Detection Method:Sandwich
Test principle:This assay employs a two-site sandwich ELISA to quantitate RRM1 in samples. An antibody specific for RRM1 has been pre-coated onto a microplate. Standards and samples are pipetted into the wells and anyRRM1 present is bound by the immobilized antibody. After removing any unbound substances, a biotin-conjugated antibody specific for RRM1 is added to the wells. After washing, Streptavidin conjugated Horseradish Peroxidase (HRP) is added to the wells. Following a wash to remove any unbound avidin-enzyme reagent, a substrate solution is added to the wells and color develops in proportion to the amount of RRM1 bound in the initial step. The color development is stopped and the intensity of the color is measured.

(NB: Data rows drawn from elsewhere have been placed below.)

lemma exp_le_quadratic_if_nonneg:
  fixes x w :: real
  assumes "0 \<le> x" "x \<le> w"
  shows "exp x \<le> 1 + x + x\<^sup>2 / 2 * exp w"
proof -
  obtain s where s: "\<bar>s\<bar> \<le> \<bar>x\<bar>" "exp x = (\<Sum>m<2. x ^ m / fact m) + exp s / fact 2 * x ^ 2"
    using Maclaurin_exp_le by blast
  have "exp s \<le> exp w" using s(1) assms by simp
  then have "exp s * x\<^sup>2 \<le> exp w * x\<^sup>2" by (rule mult_right_mono) simp
  then show ?thesis using s(2) by (simp add: eval_nat_numeral mult.commute)
qed

lemma exp_mult_le_quadratic:
  fixes t t1 x :: real
  assumes "0 < t1" "0 \<le> t" "t \<le> t1"
  shows "exp (t * x) \<le> 1 + t * x + t\<^sup>2 * (x\<^sup>2 / 2 + exp (2 * t1 * x) / t1\<^sup>2)"
proof (cases "x \<le> 0")
  case True
  then have "exp (t * x) \<le> 1 + t * x + t\<^sup>2 * (x\<^sup>2 / 2)"
    using exp_le_quadratic_if_nonpos[of "t * x"] assms
    by (simp add: mult_nonneg_nonpos power_mult_distrib)
  moreover have "0 \<le> t\<^sup>2 * (exp (2 * t1 * x) / t1\<^sup>2)" by simp
  ultimately show ?thesis unfolding distrib_left by linarith
next
  case False
  have "x\<^sup>2 / 2 * exp (t1 * x) \<le> exp (2 * t1 * x) / t1\<^sup>2"
  proof -
    have "0 \<le> t1 * x" using assms False by simp
    then have "(t1 * x)\<^sup>2 / 2 \<le> exp (t1 * x)"
      using exp_lower_Taylor_quadratic[of "t1 * x"] by linarith
    then have "x\<^sup>2 / 2 * exp (t1 * x) \<le> exp (t1 * x) / t1\<^sup>2 * exp (t1 * x)"
      using assms by (intro mult_right_mono) (auto simp: field_simps power_mult_distrib)
    also have "\<dots> = exp (2 * t1 * x) / t1\<^sup>2"
      by (simp add: mult_exp_exp)
    finally show ?thesis .
  qed
  then have "x\<^sup>2 / 2 * exp (t1 * x) \<le> x\<^sup>2 / 2 + exp (2 * t1 * x) / t1\<^sup>2"
    by (simp add: add_increasing)
  have "exp (t * x) \<le> 1 + t * x + t\<^sup>2 * (x\<^sup>2 / 2 * exp (t1 * x))"
    using exp_le_quadratic_if_nonneg[of "t * x" "t1 * x"] assms False
    by (simp add: mult_right_mono power_mult_distrib mult_ac)
  also have "\<dots> \<le> 1 + t * x + t\<^sup>2 * (x\<^sup>2 / 2 + exp (2 * t1 * x) / t1\<^sup>2)"
    using \<open>x\<^sup>2 / 2 * exp (t1 * x) \<le> x\<^sup>2 / 2 + exp (2 * t1 * x) / t1\<^sup>2\<close>
    by (intro add_left_mono mult_left_mono) auto
  finally show ?thesis .
qed

lemma chernoff_exponent_bound:
  fixes K t1 y r :: real
  assumes "0 < K" "0 < t1" "0 \<le> y" "0 < r"
  obtains t where "0 \<le> t" "t \<le> t1"
    "K * t\<^sup>2 * r\<^sup>2 - t * (y * r) \<le> - min (y\<^sup>2 / (4 * K)) (t1 * y * r / 2)"
proof (cases "y / (2 * K * r) \<le> t1")
  \<comment> \<open>the exponent \<open>K t\<^sup>2 r\<^sup>2 - t y r\<close> is minimised at \<open>t = y / (2 K r)\<close>, capped at \<open>t1\<close>\<close>
  case True
  have "K * (y / (2 * K * r))\<^sup>2 * r\<^sup>2 - y / (2 * K * r) * (y * r) = - (y\<^sup>2 / (4 * K))"
    using assms by (simp add: field_simps power2_eq_square)
  then show ?thesis
    using that[of "y / (2 * K * r)"] True assms by simp
next
  case False
  then have "t1 * (2 * K * r) < y"
    using assms by (simp add: not_le pos_less_divide_eq)
  then have "t1 * (2 * K * r) * (t1 * r) \<le> y * (t1 * r)"
    using assms by (intro mult_right_mono) auto
  then have "K * t1\<^sup>2 * r\<^sup>2 - t1 * (y * r) \<le> - (t1 * y * r / 2)"
    by (simp add: power2_eq_square algebra_simps)
  then show ?thesis
    using that[of t1] assms by simp
qed

lemma powr_powr_le_self:
  fixes u \<gamma> \<alpha> :: real
  assumes "1 \<le> u" "\<alpha> * \<gamma> \<le> 1"
  shows "(u powr \<gamma>) powr \<alpha> \<le> u"
  using powr_mono[OF _ assms(1), of "\<gamma> * \<alpha>" 1] assms by (simp add: powr_powr mult.commute)

lemma mult_exp_neg_half_ln:
  fixes x :: real
  assumes "0 < x"
  shows "x * exp (- (ln x / 2)) = sqrt x"
proof -
  have "exp (ln x / 2) = sqrt x"
    using assms by (simp add: powr_half_sqrt[symmetric] powr_def)
  then show ?thesis
    using assms by (simp add: exp_minus field_simps real_div_sqrt)
qed

context prob_space
begin

lemma mgf_le_exp_square:
  fixes Y :: "'a \<Rightarrow> real"
  assumes "integrable M Y" "expectation Y = 0" "integrable M (\<lambda>\<omega>. (Y \<omega>)\<^sup>2)" "0 < t0"
    and mgf: "\<And>t. 0 \<le> t \<Longrightarrow> t < t0 \<Longrightarrow> integrable M (\<lambda>\<omega>. exp (t * Y \<omega>))"
  obtains K t1 where "0 < K" "0 < t1" "t1 < t0"
    "\<And>t. 0 \<le> t \<Longrightarrow> t \<le> t1 \<Longrightarrow> expectation (\<lambda>\<omega>. exp (t * Y \<omega>)) \<le> exp (K * t\<^sup>2)"
proof -
  define t1 where "t1 = t0 / 3"
  have t1: "0 < t1" "t1 < t0" "2 * t1 < t0" using \<open>0 < t0\<close> by (auto simp: t1_def)
  have int_exp: "integrable M (\<lambda>\<omega>. exp (2 * t1 * Y \<omega>))" using mgf t1 by simp
  define K where
    "K = expectation (\<lambda>\<omega>. (Y \<omega>)\<^sup>2) / 2 + expectation (\<lambda>\<omega>. exp (2 * t1 * Y \<omega>)) / t1\<^sup>2 + 1"
  have "0 < K"
    unfolding K_def by (intro add_nonneg_pos add_nonneg_nonneg divide_nonneg_nonneg integral_nonneg_AE) auto
  have "expectation (\<lambda>\<omega>. exp (t * Y \<omega>)) \<le> exp (K * t\<^sup>2)" if t: "0 \<le> t" "t \<le> t1" for t
  proof -
    have "expectation (\<lambda>\<omega>. exp (t * Y \<omega>))
        \<le> expectation (\<lambda>\<omega>. 1 + t * Y \<omega> + t\<^sup>2 * ((Y \<omega>)\<^sup>2 / 2 + exp (2 * t1 * Y \<omega>) / t1\<^sup>2))"
      using assms int_exp t t1
      by (intro integral_mono exp_mult_le_quadratic[OF t1(1) t]) auto
    also have "\<dots> = 1 + t\<^sup>2 * (K - 1)"
      using assms int_exp by (simp add: K_def prob_space)
    also have "\<dots> \<le> 1 + K * t\<^sup>2"
      by (simp add: algebra_simps)
    also have "\<dots> \<le> exp (K * t\<^sup>2)"
      using exp_ge_add_one_self[of "K * t\<^sup>2"] by simp
    finally show ?thesis .
  qed
  then show ?thesis using that \<open>0 < K\<close> t1 by blast
qed

end

definition norm_incr :: "(nat \<Rightarrow> real) \<Rightarrow> nat \<Rightarrow> nat \<Rightarrow> real" where
  "norm_incr s i j = (s j - s i) / sqrt (real (j - i))"

lemma Mn_eq_Max: "Mn s n = Max ((\<lambda>(i, j). norm_incr s i j) ` {(i, j). i < j \<and> j \<le> n})"
  unfolding Mn_def norm_incr_def by (rule arg_cong[where f = Max]) auto

lemma Mn_restr_eq_Max:
  "Mn_restr s n h1 h2 = Max ((\<lambda>(i, j). norm_incr s i j) `
     {(i, j). i < j \<and> j \<le> n \<and> h1 \<le> real (j - i) \<and> real (j - i) \<le> h2})"
  unfolding Mn_restr_def norm_incr_def by (rule arg_cong[where f = Max]) auto

lemma windows_subset: "{(i :: nat, j). i < j \<and> j \<le> n \<and> P i j} \<subseteq> {..n} \<times> {..n}"
  by auto

lemma finite_windows: "finite {(i :: nat, j). i < j \<and> j \<le> n \<and> P i j}"
  by (rule finite_subset[OF windows_subset]) simp

lemma card_windows_le: "card {(i :: nat, j). i < j \<and> j \<le> n \<and> P i j} \<le> (n + 1)\<^sup>2"
proof -
  have "card {(i, j). i < j \<and> j \<le> n \<and> P i j} \<le> card ({..n} \<times> {..n})"
    by (rule card_mono[OF _ windows_subset]) simp
  then show ?thesis by (simp add: card_cartesian_product power2_eq_square)
qed

lemma psum_diff:
  assumes "i \<le> j"
  shows "psum x j - psum x i = (\<Sum>k\<in>{Suc i..j}. x k)"
proof -
  have "{1..j} = {1..i} \<union> {Suc i..j}" using assms by auto
  then show ?thesis unfolding psum_def by (simp add: sum.union_disjoint ivl_disj_int)
qed

lemma Mn_eq_Mn_restr_if_step_dominates:
  fixes s :: "nat \<Rightarrow> real"
  assumes "1 \<le> L" "k \<in> {1..n}" "y < s k - s (k - 1)"
    and long: "\<And>i j. i < j \<Longrightarrow> j \<le> n \<Longrightarrow> L < real (j - i) \<Longrightarrow> norm_incr s i j \<le> y"
  shows "Mn s n = Mn_restr s n 1 L"
proof -
  define f where "f = (\<lambda>(i, j). norm_incr s i j)"
  define A where "A = {(i, j). i < j \<and> j \<le> n}"
  define B where "B = {(i, j). i < j \<and> j \<le> n \<and> 1 \<le> real (j - i) \<and> real (j - i) \<le> L}"
  have "finite A" unfolding A_def using finite_windows[where P = "\<lambda>_ _. True"] by simp
  moreover have "B \<subseteq> A" by (auto simp: A_def B_def)
  moreover have step: "(k - 1, k) \<in> B" using assms by (auto simp: B_def)
  ultimately have fin: "finite (f ` A)" "finite (f ` B)" and ne: "f ` B \<noteq> {}"
    by (auto intro: finite_subset)
  have "Max (f ` B) \<le> Max (f ` A)"
    using fin ne \<open>B \<subseteq> A\<close> by (intro Max_mono) auto
  moreover have "f p \<le> Max (f ` B)" if "p \<in> A" for p
  proof (cases "p \<in> B")
    case True
    then show ?thesis using fin by simp
  next
    case False
    obtain i j where p: "p = (i, j)" "i < j" "j \<le> n" using \<open>p \<in> A\<close> by (auto simp: A_def)
    then have "L < real (j - i)" using False by (auto simp: B_def)
    then have "f p \<le> y" using long p by (simp add: f_def)
    also have "y < f (k - 1, k)" using assms by (simp add: f_def norm_incr_def)
    also have "f (k - 1, k) \<le> Max (f ` B)" using fin step by simp
    finally show ?thesis by simp
  qed
  then have "Max (f ` A) \<le> Max (f ` B)"
    using fin ne \<open>B \<subseteq> A\<close> by (intro Max.boundedI) auto
  ultimately show ?thesis
    unfolding Mn_eq_Max Mn_restr_eq_Max f_def A_def B_def by simp
qed

locale iid_sequence = prob_space +
  fixes X :: "nat \<Rightarrow> 'a \<Rightarrow> real"
  assumes random_variable_X: "\<And>i. 1 \<le> i \<Longrightarrow> X i \<in> borel_measurable M"
    and indep_vars_X: "indep_vars (\<lambda>_. borel) X {1..}"
    and distr_X: "\<And>i. 1 \<le> i \<Longrightarrow> distr M borel (X i) = distr M borel (X 1)"
begin

abbreviation S :: "'a \<Rightarrow> nat \<Rightarrow> real" where
  "S \<omega> \<equiv> psum (\<lambda>k. X k \<omega>)"

lemma integrable_comp_X_iff:
  fixes g :: "real \<Rightarrow> real"
  assumes "1 \<le> i" "g \<in> borel_measurable borel"
  shows "integrable M (\<lambda>\<omega>. g (X i \<omega>)) \<longleftrightarrow> integrable M (\<lambda>\<omega>. g (X 1 \<omega>))"
  using integrable_distr_eq[OF random_variable_X assms(2)] distr_X[OF assms(1)] assms(1)
  by (metis order_refl)

lemma integral_comp_X:
  fixes g :: "real \<Rightarrow> real"
  assumes "1 \<le> i" "g \<in> borel_measurable borel"
  shows "expectation (\<lambda>\<omega>. g (X i \<omega>)) = expectation (\<lambda>\<omega>. g (X 1 \<omega>))"
  using integral_distr[OF random_variable_X assms(2)] distr_X[OF assms(1)] assms(1)
  by (metis order_refl)

lemma prob_X_vimage:
  assumes "1 \<le> i" "A \<in> sets borel"
  shows "prob (X i -` A \<inter> space M) = prob (X 1 -` A \<inter> space M)"
  using measure_distr[OF random_variable_X[OF assms(1)] assms(2)]
    measure_distr[OF random_variable_X[OF order_refl] assms(2)] distr_X[OF assms(1)]
  by simp

lemma measurable_S [measurable]: "(\<lambda>\<omega>. S \<omega> j) \<in> borel_measurable M"
  unfolding psum_def by (intro borel_measurable_sum random_variable_X) simp

lemma measurable_norm_incr [measurable]: "(\<lambda>\<omega>. norm_incr (S \<omega>) i j) \<in> borel_measurable M"
  unfolding norm_incr_def by measurable

lemma measurable_Mn [measurable]: "(\<lambda>\<omega>. Mn (S \<omega>) n) \<in> borel_measurable M"
  unfolding Mn_eq_Max
  using finite_windows[where P = "\<lambda>_ _. True"]
  by (intro borel_measurable_Max) (auto simp: split_beta)

lemma measurable_Mn_restr [measurable]: "(\<lambda>\<omega>. Mn_restr (S \<omega>) n h1 h2) \<in> borel_measurable M"
  unfolding Mn_restr_eq_Max by (intro borel_measurable_Max finite_windows) (auto simp: split_beta)

lemma
  assumes "finite I" "I \<subseteq> {1..}" and int: "integrable M (\<lambda>\<omega>. exp (t * X 1 \<omega>))"
  shows integrable_exp_sum_X: "integrable M (\<lambda>\<omega>. exp (t * (\<Sum>k\<in>I. X k \<omega>)))"
    and integral_exp_sum_X:
      "expectation (\<lambda>\<omega>. exp (t * (\<Sum>k\<in>I. X k \<omega>))) = expectation (\<lambda>\<omega>. exp (t * X 1 \<omega>)) ^ card I"
proof -
  have exp_sum: "exp (t * (\<Sum>k\<in>I. X k \<omega>)) = (\<Prod>k\<in>I. exp (t * X k \<omega>))" for \<omega>
    using \<open>finite I\<close> by (simp add: sum_distrib_left exp_sum)
  have indep: "indep_vars (\<lambda>_. borel) (\<lambda>k \<omega>. exp (t * X k \<omega>)) I"
    by (rule indep_vars_compose2[OF indep_vars_subset[OF indep_vars_X \<open>I \<subseteq> {1..}\<close>]]) auto
  have int_k: "integrable M (\<lambda>\<omega>. exp (t * X k \<omega>))" if "k \<in> I" for k
    using integrable_comp_X_iff[of k "\<lambda>x. exp (t * x)"] that assms by auto
  show "integrable M (\<lambda>\<omega>. exp (t * (\<Sum>k\<in>I. X k \<omega>)))"
    unfolding exp_sum by (rule indep_vars_integrable[OF \<open>finite I\<close> indep int_k])
  have "expectation (\<lambda>\<omega>. exp (t * (\<Sum>k\<in>I. X k \<omega>))) = (\<Prod>k\<in>I. expectation (\<lambda>\<omega>. exp (t * X k \<omega>)))"
    unfolding exp_sum by (rule indep_vars_lebesgue_integral[OF \<open>finite I\<close> indep int_k])
  also have "\<dots> = (\<Prod>k\<in>I. expectation (\<lambda>\<omega>. exp (t * X 1 \<omega>)))"
    using assms by (intro prod.cong refl integral_comp_X) auto
  finally show "expectation (\<lambda>\<omega>. exp (t * (\<Sum>k\<in>I. X k \<omega>))) = expectation (\<lambda>\<omega>. exp (t * X 1 \<omega>)) ^ card I"
    by simp
qed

Product Overview:RRM1 encodes one of two non-identical subunits which constitute ribonucleoside-diphosphate reductase, an enzyme essential for the production of deoxyribonucleotides prior to DNA synthesis in S phase of dividing cells. It is one of several genes located in the imprinted gene domain of 11p15.5, an important tumor-suppressor gene region. Alterations in this region have been associated with the Beckwith-Wiedemann syndrome, Wilms tumor, rhabdomyosarcoma, adrenocortical carcinoma, and lung, ovarian, and breast cancer. This gene may play a role in malignancies and disease that involve this region. This gene is oriented in a head-to-tail configuration with the stromal interaction molecule 1 gene (STIM1), with the 3' end of STIM1 situated 1.6 kb from the 5' end of this gene.